Input:
::::

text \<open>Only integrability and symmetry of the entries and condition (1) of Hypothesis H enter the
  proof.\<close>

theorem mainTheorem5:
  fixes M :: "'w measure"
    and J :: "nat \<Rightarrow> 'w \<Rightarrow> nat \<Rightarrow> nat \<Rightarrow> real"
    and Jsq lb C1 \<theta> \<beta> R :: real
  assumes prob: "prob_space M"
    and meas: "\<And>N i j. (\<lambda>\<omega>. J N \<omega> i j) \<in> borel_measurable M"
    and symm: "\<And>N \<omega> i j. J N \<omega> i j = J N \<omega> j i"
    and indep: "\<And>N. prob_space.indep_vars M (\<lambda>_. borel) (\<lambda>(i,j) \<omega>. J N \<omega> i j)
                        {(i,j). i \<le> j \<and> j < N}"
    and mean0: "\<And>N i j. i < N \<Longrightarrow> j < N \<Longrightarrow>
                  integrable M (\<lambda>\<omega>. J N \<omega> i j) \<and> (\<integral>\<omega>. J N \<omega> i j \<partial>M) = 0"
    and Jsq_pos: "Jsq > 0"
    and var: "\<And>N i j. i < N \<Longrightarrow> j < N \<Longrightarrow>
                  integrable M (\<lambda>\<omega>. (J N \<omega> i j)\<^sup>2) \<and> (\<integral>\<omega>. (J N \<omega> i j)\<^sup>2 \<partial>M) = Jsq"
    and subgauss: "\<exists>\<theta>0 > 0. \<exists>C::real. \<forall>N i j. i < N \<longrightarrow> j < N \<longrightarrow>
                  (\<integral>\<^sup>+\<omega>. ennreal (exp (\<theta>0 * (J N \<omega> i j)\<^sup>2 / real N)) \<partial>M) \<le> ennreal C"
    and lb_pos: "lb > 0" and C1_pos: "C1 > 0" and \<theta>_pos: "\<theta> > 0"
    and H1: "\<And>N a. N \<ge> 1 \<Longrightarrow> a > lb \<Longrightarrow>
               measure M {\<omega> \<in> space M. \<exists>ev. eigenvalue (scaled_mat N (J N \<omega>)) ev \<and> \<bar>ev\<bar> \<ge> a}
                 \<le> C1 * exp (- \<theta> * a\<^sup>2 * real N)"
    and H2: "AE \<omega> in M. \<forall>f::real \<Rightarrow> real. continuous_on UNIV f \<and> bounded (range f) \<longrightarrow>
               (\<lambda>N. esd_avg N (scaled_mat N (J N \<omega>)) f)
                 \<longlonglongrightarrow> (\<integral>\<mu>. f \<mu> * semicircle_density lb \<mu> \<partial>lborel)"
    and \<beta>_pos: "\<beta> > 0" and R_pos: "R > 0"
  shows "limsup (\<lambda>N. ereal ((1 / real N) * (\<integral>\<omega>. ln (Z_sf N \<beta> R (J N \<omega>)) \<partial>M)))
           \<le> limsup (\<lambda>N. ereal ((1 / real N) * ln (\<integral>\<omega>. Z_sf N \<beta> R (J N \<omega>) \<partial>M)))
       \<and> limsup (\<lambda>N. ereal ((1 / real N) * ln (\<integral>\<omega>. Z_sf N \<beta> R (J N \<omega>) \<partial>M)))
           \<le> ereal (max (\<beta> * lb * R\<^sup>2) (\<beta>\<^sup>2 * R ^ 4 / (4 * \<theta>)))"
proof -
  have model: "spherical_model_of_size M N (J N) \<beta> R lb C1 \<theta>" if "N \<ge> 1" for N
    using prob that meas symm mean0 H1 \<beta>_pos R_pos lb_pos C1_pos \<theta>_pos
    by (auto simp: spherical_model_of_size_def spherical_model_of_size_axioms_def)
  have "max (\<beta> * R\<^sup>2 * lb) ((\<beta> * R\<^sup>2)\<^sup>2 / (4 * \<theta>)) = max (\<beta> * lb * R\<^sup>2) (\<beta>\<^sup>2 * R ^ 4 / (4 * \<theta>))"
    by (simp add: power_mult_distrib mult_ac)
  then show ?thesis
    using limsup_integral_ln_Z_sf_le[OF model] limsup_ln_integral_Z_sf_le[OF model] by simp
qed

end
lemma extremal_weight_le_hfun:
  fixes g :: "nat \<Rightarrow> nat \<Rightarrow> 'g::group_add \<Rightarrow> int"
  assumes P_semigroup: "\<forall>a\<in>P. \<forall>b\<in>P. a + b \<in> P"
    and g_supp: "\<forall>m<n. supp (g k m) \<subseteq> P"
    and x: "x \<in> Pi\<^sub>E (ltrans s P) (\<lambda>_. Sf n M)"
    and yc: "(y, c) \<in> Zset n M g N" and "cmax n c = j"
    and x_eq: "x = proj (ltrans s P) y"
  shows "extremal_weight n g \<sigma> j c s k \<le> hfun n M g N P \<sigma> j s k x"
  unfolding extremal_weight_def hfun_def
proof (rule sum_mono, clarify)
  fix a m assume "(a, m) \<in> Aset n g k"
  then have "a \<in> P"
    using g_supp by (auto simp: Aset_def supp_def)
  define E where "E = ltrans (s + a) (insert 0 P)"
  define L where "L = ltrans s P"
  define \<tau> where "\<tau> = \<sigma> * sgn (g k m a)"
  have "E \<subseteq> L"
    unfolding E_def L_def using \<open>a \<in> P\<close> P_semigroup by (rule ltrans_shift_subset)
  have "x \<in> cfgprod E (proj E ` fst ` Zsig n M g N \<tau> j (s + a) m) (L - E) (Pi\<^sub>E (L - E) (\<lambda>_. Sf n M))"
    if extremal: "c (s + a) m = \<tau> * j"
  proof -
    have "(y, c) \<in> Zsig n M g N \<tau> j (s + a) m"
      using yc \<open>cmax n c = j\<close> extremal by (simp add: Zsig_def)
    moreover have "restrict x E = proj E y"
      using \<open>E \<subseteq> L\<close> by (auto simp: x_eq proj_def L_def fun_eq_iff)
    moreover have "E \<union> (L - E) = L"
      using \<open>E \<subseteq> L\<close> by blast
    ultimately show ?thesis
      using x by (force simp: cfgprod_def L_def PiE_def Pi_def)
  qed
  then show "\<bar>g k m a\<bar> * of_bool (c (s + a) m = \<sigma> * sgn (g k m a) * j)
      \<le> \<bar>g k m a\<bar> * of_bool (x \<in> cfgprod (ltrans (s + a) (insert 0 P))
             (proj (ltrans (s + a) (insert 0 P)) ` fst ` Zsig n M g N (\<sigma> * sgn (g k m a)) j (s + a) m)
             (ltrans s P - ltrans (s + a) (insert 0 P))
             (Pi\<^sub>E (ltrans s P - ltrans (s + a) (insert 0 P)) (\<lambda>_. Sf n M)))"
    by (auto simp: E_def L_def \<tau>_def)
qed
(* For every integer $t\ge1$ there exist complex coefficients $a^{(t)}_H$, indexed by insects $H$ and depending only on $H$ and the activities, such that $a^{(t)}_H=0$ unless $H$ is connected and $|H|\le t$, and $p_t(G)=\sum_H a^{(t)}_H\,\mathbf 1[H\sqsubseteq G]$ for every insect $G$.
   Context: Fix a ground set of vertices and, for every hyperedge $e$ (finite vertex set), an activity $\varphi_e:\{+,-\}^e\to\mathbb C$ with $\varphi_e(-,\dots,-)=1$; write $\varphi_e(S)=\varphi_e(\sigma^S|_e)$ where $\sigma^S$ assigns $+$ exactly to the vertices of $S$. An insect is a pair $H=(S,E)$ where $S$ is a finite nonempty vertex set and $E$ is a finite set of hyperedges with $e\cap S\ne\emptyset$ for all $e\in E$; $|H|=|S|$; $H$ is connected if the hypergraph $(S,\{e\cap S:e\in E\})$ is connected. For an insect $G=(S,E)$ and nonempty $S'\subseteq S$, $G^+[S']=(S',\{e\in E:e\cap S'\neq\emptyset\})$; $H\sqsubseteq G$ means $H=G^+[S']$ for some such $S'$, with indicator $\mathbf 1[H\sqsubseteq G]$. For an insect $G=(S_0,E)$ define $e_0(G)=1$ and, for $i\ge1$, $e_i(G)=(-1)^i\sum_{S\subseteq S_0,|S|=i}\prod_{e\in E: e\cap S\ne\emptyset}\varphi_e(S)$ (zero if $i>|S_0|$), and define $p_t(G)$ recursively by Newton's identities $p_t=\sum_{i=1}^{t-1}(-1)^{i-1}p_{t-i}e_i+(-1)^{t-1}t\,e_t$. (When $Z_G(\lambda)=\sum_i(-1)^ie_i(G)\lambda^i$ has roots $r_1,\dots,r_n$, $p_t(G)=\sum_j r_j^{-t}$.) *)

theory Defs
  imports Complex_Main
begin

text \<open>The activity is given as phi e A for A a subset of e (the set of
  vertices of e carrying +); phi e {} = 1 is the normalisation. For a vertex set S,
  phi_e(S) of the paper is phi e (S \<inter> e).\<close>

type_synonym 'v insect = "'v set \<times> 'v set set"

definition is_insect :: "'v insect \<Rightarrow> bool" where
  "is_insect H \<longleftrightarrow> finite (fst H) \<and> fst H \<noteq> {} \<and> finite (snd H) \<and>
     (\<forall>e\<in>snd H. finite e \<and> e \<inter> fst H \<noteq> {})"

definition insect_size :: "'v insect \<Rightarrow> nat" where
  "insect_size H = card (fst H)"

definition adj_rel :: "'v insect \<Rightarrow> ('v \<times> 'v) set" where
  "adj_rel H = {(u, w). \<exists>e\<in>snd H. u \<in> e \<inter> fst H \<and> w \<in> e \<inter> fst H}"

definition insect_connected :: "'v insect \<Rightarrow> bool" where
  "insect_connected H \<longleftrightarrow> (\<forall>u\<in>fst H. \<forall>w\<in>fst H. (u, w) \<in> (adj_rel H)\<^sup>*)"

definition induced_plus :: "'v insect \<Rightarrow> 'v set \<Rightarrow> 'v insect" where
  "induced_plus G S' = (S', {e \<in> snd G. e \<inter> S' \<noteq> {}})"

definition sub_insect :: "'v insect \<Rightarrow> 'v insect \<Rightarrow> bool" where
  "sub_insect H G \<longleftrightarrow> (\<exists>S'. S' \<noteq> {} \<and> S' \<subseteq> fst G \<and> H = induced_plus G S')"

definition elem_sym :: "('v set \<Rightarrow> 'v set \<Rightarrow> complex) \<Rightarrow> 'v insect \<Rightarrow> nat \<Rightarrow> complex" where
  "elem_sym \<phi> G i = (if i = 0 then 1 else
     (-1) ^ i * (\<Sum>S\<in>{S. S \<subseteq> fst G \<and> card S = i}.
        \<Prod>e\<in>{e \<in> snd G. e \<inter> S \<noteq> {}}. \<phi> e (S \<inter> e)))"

::::

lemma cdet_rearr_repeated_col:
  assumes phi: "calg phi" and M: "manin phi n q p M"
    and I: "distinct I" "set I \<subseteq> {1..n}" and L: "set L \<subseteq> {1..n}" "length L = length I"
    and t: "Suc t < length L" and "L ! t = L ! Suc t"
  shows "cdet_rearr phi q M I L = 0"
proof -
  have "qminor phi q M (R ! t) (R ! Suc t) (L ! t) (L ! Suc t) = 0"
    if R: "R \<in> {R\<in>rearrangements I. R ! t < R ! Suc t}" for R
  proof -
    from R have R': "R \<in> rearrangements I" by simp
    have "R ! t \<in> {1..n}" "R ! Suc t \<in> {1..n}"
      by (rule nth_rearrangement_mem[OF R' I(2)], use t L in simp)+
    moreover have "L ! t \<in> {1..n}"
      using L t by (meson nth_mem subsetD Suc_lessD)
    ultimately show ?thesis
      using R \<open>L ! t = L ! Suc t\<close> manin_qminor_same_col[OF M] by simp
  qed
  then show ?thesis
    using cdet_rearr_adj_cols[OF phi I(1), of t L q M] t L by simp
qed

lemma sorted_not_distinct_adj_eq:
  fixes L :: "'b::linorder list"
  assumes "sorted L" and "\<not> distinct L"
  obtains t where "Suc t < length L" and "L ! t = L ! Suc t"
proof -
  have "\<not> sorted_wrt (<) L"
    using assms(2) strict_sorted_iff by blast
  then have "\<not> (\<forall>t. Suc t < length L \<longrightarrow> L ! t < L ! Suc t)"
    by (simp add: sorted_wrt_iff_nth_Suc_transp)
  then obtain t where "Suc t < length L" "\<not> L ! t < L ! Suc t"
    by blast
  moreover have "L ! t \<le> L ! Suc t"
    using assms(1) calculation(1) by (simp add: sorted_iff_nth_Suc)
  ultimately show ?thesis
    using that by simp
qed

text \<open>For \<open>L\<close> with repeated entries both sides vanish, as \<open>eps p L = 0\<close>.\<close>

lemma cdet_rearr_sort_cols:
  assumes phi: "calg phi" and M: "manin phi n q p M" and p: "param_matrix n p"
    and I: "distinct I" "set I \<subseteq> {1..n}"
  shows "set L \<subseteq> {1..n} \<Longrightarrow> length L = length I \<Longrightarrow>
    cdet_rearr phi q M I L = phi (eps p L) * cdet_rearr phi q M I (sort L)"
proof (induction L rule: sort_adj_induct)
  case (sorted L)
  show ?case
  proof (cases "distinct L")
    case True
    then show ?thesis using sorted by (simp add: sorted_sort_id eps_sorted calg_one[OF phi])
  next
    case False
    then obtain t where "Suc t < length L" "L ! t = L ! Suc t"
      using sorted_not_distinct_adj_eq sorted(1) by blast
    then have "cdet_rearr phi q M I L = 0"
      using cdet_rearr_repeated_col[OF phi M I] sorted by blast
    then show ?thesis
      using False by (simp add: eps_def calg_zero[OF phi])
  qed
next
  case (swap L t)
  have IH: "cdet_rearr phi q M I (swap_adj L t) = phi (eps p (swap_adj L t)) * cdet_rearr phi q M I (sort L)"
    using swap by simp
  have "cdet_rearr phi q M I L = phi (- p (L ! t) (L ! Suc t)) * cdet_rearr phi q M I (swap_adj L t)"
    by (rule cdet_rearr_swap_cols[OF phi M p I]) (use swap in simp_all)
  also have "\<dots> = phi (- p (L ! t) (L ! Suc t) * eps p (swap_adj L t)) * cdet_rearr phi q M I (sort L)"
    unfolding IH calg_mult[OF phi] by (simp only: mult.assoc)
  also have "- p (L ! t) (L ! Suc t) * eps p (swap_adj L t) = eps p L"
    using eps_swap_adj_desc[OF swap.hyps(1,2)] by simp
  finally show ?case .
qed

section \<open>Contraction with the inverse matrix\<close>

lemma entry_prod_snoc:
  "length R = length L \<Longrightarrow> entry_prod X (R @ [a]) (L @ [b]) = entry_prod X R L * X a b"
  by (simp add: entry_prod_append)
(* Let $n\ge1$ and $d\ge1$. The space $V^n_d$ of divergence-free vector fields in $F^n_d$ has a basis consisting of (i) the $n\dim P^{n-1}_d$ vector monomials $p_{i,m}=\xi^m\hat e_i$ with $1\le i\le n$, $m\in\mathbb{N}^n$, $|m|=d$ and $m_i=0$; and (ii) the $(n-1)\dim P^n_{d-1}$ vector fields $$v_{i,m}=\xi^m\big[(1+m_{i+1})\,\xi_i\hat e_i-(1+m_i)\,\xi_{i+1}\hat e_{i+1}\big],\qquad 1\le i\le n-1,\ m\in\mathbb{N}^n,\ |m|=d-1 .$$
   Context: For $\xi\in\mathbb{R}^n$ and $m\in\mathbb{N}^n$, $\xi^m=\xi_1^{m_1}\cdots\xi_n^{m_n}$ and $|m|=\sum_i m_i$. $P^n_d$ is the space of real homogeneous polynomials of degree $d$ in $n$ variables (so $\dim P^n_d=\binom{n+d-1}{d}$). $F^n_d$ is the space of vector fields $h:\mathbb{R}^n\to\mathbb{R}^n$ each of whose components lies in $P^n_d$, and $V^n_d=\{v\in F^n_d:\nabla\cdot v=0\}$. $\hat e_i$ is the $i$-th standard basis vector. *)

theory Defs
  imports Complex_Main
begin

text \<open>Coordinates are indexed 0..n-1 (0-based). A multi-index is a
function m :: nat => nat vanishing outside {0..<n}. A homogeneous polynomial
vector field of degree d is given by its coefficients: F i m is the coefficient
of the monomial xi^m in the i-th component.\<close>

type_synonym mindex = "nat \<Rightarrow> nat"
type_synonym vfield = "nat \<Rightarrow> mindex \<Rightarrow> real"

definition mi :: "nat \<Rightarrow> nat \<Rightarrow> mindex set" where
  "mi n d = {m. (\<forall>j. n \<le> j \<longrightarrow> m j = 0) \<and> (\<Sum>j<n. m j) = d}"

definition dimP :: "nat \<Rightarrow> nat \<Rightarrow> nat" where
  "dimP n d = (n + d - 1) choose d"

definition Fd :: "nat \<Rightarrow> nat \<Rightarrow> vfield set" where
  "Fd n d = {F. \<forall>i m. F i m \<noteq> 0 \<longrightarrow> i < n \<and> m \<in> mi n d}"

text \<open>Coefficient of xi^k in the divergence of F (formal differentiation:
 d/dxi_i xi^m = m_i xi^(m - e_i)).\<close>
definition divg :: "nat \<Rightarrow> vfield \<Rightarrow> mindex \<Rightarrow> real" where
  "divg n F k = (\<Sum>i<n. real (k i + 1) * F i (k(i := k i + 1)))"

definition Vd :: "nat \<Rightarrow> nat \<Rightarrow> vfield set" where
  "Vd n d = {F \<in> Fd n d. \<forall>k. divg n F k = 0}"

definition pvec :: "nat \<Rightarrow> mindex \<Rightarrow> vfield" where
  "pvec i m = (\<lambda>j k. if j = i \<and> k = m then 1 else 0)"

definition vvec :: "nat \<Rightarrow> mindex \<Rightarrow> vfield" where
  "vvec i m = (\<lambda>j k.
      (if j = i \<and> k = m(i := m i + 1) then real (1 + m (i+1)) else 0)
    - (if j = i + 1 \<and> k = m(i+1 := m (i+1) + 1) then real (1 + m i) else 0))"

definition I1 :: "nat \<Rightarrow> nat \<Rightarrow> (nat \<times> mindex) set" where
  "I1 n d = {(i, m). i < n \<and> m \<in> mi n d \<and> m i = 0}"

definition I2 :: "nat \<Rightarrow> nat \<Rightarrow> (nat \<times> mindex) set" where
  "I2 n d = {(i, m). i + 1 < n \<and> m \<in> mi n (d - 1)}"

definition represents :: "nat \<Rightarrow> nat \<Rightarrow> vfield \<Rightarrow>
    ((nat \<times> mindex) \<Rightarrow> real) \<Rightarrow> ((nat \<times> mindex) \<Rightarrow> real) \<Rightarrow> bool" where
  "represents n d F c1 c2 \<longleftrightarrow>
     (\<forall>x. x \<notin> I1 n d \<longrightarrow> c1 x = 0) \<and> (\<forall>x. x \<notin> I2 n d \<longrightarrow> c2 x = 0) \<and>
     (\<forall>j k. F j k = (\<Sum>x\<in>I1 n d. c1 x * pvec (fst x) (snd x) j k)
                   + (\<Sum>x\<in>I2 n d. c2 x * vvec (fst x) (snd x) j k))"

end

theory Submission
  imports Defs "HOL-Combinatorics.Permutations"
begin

::::

Please filter the data down to the lines containing the word "divg".

definition divg :: "nat \<Rightarrow> vfield \<Rightarrow> mindex \<Rightarrow> real" where
  "divg n F k = (\<Sum>i<n. real (k i + 1) * F i (k(i := k i + 1)))"
  "Vd n d = {F \<in> Fd n d. \<forall>k. divg n F k = 0}"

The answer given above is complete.